A sample made using Scheme II was subjected to Powder X-Ray Diffraction (XRPD) analysis measured with a Cu— Ka irradiation (1.54060 A). With reference to Table 1 and FIG. 1, XRPD data show a novel polymorph of regadenoson prepared in ammonical methanol.

Table 1

DSC data for regadenoson prepared using ammonical methanol

DSC was conducted using a Q2000 Differential Scanning Calorimeter V24.10 from TA Instruments of New Castle Delaware. One of skill in the art would readily be able to determine the conditions necessary to obtain a DSC thermogram of form H. A variety of differential scanning calorimeters are available to those of skill in the art which may use temperatures of about 25° C to about 320° C, in particular about 30° C to about 300° C and temperature increases at various rates including 1° C./min, 10° C/min, 20° C/min, among other conditions. One skilled in the art would recognize that the peak positions in the DSC thermogram can vary depending upon kinetic factors such as, for example, heating rate and particle size.

An 8.0230 mg sample made using Scheme II was analysed using (30-300)°C -Ramp-

10°C/min. A DSC thermogram of form H is provided in FIG. 2, With reference to FIG. 2, DSC data for the batch reveals a characteristic DSC peak at 271.28°C (between: 265-280°C). DSC analysis of this form clearly shows a sharp endothermic signal in the DSC histogram which further confirms the new polymorphic nature of the product.

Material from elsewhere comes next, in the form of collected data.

lemma nth_concat_in_take:
  assumes "i < length (concat xss)" "block_index xss i < b"
  shows "concat xss ! i \<in> set (concat (take b xss))"
proof -
  let ?j = "block_index xss i"
  have j: "?j < length xss" "concat xss ! i \<in> set (xss ! ?j)"
    using nth_concat_block_index[OF assms(1)] by simp_all
  then have "take b xss ! ?j \<in> set (take b xss)"
    using assms(2) by (intro nth_mem) simp
  with j assms(2) show ?thesis by auto
qed

lemma nth_concat_in_drop:
  assumes "i < length (concat xss)" "b < block_index xss i"
  shows "concat xss ! i \<in> set (concat (drop (Suc b) xss))"
proof -
  let ?j = "block_index xss i"
  have j: "?j < length xss" "concat xss ! i \<in> set (xss ! ?j)"
    using nth_concat_block_index[OF assms(1)] by simp_all
  then have "drop (Suc b) xss ! (?j - Suc b) \<in> set (drop (Suc b) xss)"
    using assms(2) by (intro nth_mem) simp
  with j assms(2) show ?thesis by auto
qed

lemma card_fiber_block_index_le:
  fixes s :: real
  assumes "distinct (concat xss)" "0 \<le> s" "\<And>xs. xs \<in> set xss \<Longrightarrow> length xs \<le> s"
  shows "card (fiber (length (concat xss)) (block_index xss) b) \<le> s"
proof (cases "b < length xss")
  case True
  let ?F = "fiber (length (concat xss)) (block_index xss) b"
  have "inj_on ((!) (concat xss)) ?F"
    using assms(1) by (auto simp: inj_on_def fiber_def nth_eq_iff_index_eq)
  moreover have "(!) (concat xss) ` ?F \<subseteq> set (xss ! b)"
    using nth_concat_block_index by (fastforce simp: fiber_def)
  ultimately have "card ?F \<le> card (set (xss ! b))"
    by (metis card_image card_mono finite_set)
  also have "\<dots> \<le> length (xss ! b)"
    by (rule card_length)
  finally show ?thesis
    using assms(3)[of "xss ! b"] True by simp
next
  case False
  then have "fiber (length (concat xss)) (block_index xss) b = {}"
    using nth_concat_block_index by (fastforce simp: fiber_def)
  with assms(2) show ?thesis by simp
qed
(* Let $\varphi:[0,\infty)\to\mathbb R$ be completely monotone with $\varphi(0)=1$ and $\lim_{x\to\infty}\varphi(x)=0$, and let $0<p\le1$, $D\ge1$. Then the function $\rho:\mathbb R^D\to\mathbb R$, $\rho(\boldsymbol\omega)=\varphi(\|\boldsymbol\omega\|_p^p)$, is positive definite: for every $k\ge1$, every pairwise distinct $\theta_1,\dots,\theta_k\in\mathbb R^D$ and every $\mathbf c\in\mathbb C^k\setminus\{0\}$, $\sum_{\ell,\ell'=1}^k\overline{\mathbf c[\ell]}\,\mathbf c[\ell']\,\varphi(\|\theta_{\ell'}-\theta_\ell\|_p^p)>0$.
   Context: A function $\varphi:[0,\infty)\to\mathbb R$ is completely monotone (CMF) if it is infinitely differentiable on $(0,\infty)$, right-continuous at $0$, and $(-1)^n\varphi^{(n)}(x)\ge0$ for all $x>0$ and all integers $n\ge0$. $\|\theta\|_p^p=\sum_{d=1}^D|\theta[d]|^p$. *)

theory Defs
  imports "HOL-Analysis.Analysis" "HOL-Library.Complex_Order"
begin

text \<open>Completely monotone function on [0,\<infinity>): smooth on (0,\<infinity>) (all iterated
  derivatives exist there), right-continuous at 0, and (-1)^n phi^(n)(x) \<ge> 0 for x > 0.
  Values of phi on negative reals are irrelevant.\<close>
definition completely_monotone :: "(real \<Rightarrow> real) \<Rightarrow> bool" where
  "completely_monotone \<phi> \<longleftrightarrow>
     (\<forall>n::nat. \<forall>x>0. ((deriv ^^ n) \<phi>) differentiable (at x)) \<and>
     (\<phi> \<longlongrightarrow> \<phi> 0) (at_right 0) \<and>
     (\<forall>n::nat. \<forall>x>0. (-1) ^ n * (deriv ^^ n) \<phi> x \<ge> 0)"

definition pnorm_pow :: "real \<Rightarrow> real ^ 'n \<Rightarrow> real" where
  "pnorm_pow p x = (\<Sum>d\<in>UNIV. \<bar>x $ d\<bar> powr p)"

end

(* By Bernstein's theorem phi is a mixture of exponentials e^(-t x), so it would suffice that
   exp (- s * ||w||_p^p) is strictly positive definite for every s > 0. Bernstein's theorem is replaced by
   a finite version: on any finite set, phi is uniformly approximated by nonnegative combinations of
   exponentials (expand phi in Taylor series at a far point A; the coefficients are nonnegative and
   (1 - x/A)^i is close to e^(-i x/A)). Since phi(0) = 1 and phi vanishes at infinity, half of the mass of
   these mixtures sits on rates in a fixed compact subinterval of (0, oo), which turns positivity of all
   the exponential forms into strict positivity of the phi-form.
   The kernel exp (- s * ||w||_p^p) is a product over coordinates. The Laplace kernel exp (- r |t|) is a
   positive combination of orthant indicators, hence strictly positive definite at distinct points, and
   each coordinate factor is converted into exp (- s |t|^p) by the same transfer, because
   u -> exp (- s * u powr p) is completely monotone for 0 < p <= 1. *)
theory Submission
  imports Defs
begin

section \<open>Taylor expansion of completely monotone functions\<close>

definition signed_deriv :: "(real \<Rightarrow> real) \<Rightarrow> nat \<Rightarrow> real \<Rightarrow> real" where
  "signed_deriv \<phi> n x = (-1) ^ n * (deriv ^^ n) \<phi> x"

(* The Taylor polynomial of order n of phi at A, evaluated at x:
   (A - x)^i * signed_deriv phi i A = (x - A)^i * phi^(i)(A). *)
definition taylor_poly :: "(real \<Rightarrow> real) \<Rightarrow> real \<Rightarrow> nat \<Rightarrow> real \<Rightarrow> real" where
  "taylor_poly \<phi> A n x = (\<Sum>i<n. (A - x) ^ i / fact i * signed_deriv \<phi> i A)"

definition taylor_rem_integrand :: "(real \<Rightarrow> real) \<Rightarrow> real \<Rightarrow> nat \<Rightarrow> real \<Rightarrow> real \<Rightarrow> real" where
  "taylor_rem_integrand \<phi> A n x t = (A - x - t) ^ (n - 1) / fact (n - 1) * signed_deriv \<phi> n (A - t)"

lemma completely_monotone_signed_deriv_nonneg:
  assumes "completely_monotone \<phi>" "x > 0"
  shows "signed_deriv \<phi> n x \<ge> 0"
  using assms unfolding completely_monotone_def signed_deriv_def by blast

lemma completely_monotone_nonneg:
  assumes "completely_monotone \<phi>" "x \<ge> 0"
  shows "\<phi> x \<ge> 0"
proof -
  have pos: "\<phi> y \<ge> 0" if "y > 0" for y
    using completely_monotone_signed_deriv_nonneg[OF assms(1) that, of 0] by (simp add: signed_deriv_def)
  have "(\<phi> \<longlongrightarrow> \<phi> 0) (at_right 0)"
    using assms(1) unfolding completely_monotone_def by blast
  then have "\<phi> 0 \<ge> 0"
    using pos by (rule tendsto_lowerbound[OF _ eventually_at_rightI[of 0 1]]) auto
  then show ?thesis
    using pos assms(2) by (cases "x = 0") auto
qed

Although the compositions and methods of the present disclosure have been described with reference to exemplary embodiments thereof, the present disclosure is not limited thereby. Indeed, the exemplary embodiments are implementations of the disclosed compositions and methods are provided for illustrative and non-limitative purposes. Changes, modifications, enhancements and/or refinements to the disclosed systems and methods may be made without departing from the spirit or scope of the present disclosure. Accordingly, such changes, modifications, enhancements and/or refinements are encompassed within the scope of the present invention.